» **Directions for this task**: Whenever a line contains the string "longrightarrow", copy it out of the entries.

[Records excerpted from a collection]
=== Begin Enclosure ===

text \<open>A function interpolating the constant values \<open>1\<close> lies in some ball of \<open>H\<^sub>\<ell>\<close> and has
  \<open>|\<phi>(z)|\<^sup>2 / \<ell>(z, z) = 1 - |z|\<^sup>2 > 3/4\<close> along the sequence.\<close>
lemma not_interpolating_ell:
  assumes "1 \<le> n" and lam: "range lam \<subseteq> half_disc"
  shows "\<not> interpolating half_disc szego (ell n) lam"
proof
  assume interp: "interpolating half_disc szego (ell n) lam"
  have knorms_pos: "0 < knorm (ell n) z" "0 < knorm szego z" if "z \<in> half_disc" for z
    using knorm_pos[of "ell n" z] knorm_pos[of szego z] ell_diag_pos[OF assms(1) that]
      half_disc_norm_bound[OF that] by (auto simp: szego_diag less_complex_def)
  have "inj lam"
    using interp
  proof (rule interpolating_inj)
    fix i
    have "lam i \<in> half_disc"
      using lam by auto
    then show "knorm (ell n) (lam i) / knorm szego (lam i) \<noteq> 0"
      using knorms_pos by (simp add: less_imp_neq[symmetric])
  qed
  then have "infinite (range lam)"
    by (simp add: finite_image_iff)
  obtain \<phi> M where ball: "rkhs_ball half_disc (ell n) \<phi> M"
    and \<phi>: "\<And>t. \<phi> (lam t) = of_real (knorm (ell n) (lam t) / knorm szego (lam t))"
    using interpolating_constant_in_ball[OF interp rkhs_ball_szego_one] by blast
  have large: "3/4 \<le> (cmod (\<phi> z))\<^sup>2 / (knorm (ell n) z)\<^sup>2" if z: "z \<in> range lam" for z
  proof -
    obtain t where "z = lam t"
      using z by auto
    have "z \<in> half_disc"
      using z lam by auto
    then have "(cmod (\<phi> z))\<^sup>2 / (knorm (ell n) z)\<^sup>2 = 1 - (cmod z)\<^sup>2"
      using \<phi>[of t] knorm_szego[OF \<open>z \<in> half_disc\<close>] knorms_pos[OF \<open>z \<in> half_disc\<close>]
      by (simp add: \<open>z = lam t\<close> norm_divide power_divide)
    then show ?thesis
      using half_disc_norm_bound[OF \<open>z \<in> half_disc\<close>] by simp
  qed
  show False
    using rkhs_ball_ell_not_large_on_infinite[OF assms(1) ball lam \<open>infinite (range lam)\<close> large]
    by simp
qed

theorem mainTheorem10:
  fixes n :: nat
  assumes "n \<ge> 2"
  shows "\<exists>l :: complex \<Rightarrow> complex \<Rightarrow> complex.
    psd_on half_disc l \<and> (\<forall>z\<in>half_disc. l z z \<noteq> 0) \<and>
    quot_psd_on half_disc l szego \<and>
    (\<forall>lam. range lam \<subseteq> half_disc \<longrightarrow>
       (interpolating half_disc szego l lam \<longleftrightarrow>
          carleson half_disc szego lam \<and> weakly_separated l lam)) \<and>
    \<not> automatic_separation half_disc l \<and>
    (\<exists>lam. range lam \<subseteq> half_disc \<and>
       n_weakly_separated n l lam \<and> \<not> n_weakly_separated (n + 1) l lam)"
proof (intro exI[of _ "ell n"] conjI)
  have "1 \<le> n"
    using assms by simp
  have points: "range point \<subseteq> half_disc"
    using point_in_half_disc by auto
  have separated: "n_weakly_separated n (ell n) point"
    using assms by (intro n_weakly_separated_ell_point) auto
  have not_separated: "\<not> n_weakly_separated (n + 1) (ell n) point"
    using not_Suc_n_weakly_separated_ell_point[OF \<open>1 \<le> n\<close>] by simp
  show "psd_on half_disc (ell n)" "quot_psd_on half_disc (ell n) szego"
    by (rule psd_ell, rule quot_psd_ell)
  show "\<forall>z\<in>half_disc. ell n z z \<noteq> 0"
    using ell_diag_pos[OF \<open>1 \<le> n\<close>] by force
  show "\<forall>lam. range lam \<subseteq> half_disc \<longrightarrow> (interpolating half_disc szego (ell n) lam \<longleftrightarrow>
      carleson half_disc szego lam \<and> weakly_separated (ell n) lam)"
    using not_interpolating_ell[OF \<open>1 \<le> n\<close>] not_carleson_half_disc by blast
  show "\<not> automatic_separation half_disc (ell n)"
    unfolding automatic_separation_def
    using points weakly_separated_ell_point[OF assms] not_separated assms by force
  show "\<exists>lam. range lam \<subseteq> half_disc \<and> n_weakly_separated n (ell n) lam \<and>
      \<not> n_weakly_separated (n + 1) (ell n) lam"
    using points separated not_separated by blast
qed

end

=== End Enclosure ===

» **The answer**:
    (\<forall>lam. range lam \<subseteq> half_disc \<longrightarrow>
  show "\<forall>lam. range lam \<subseteq> half_disc \<longrightarrow> (interpolating half_disc szego (ell n) lam \<longleftrightarrow>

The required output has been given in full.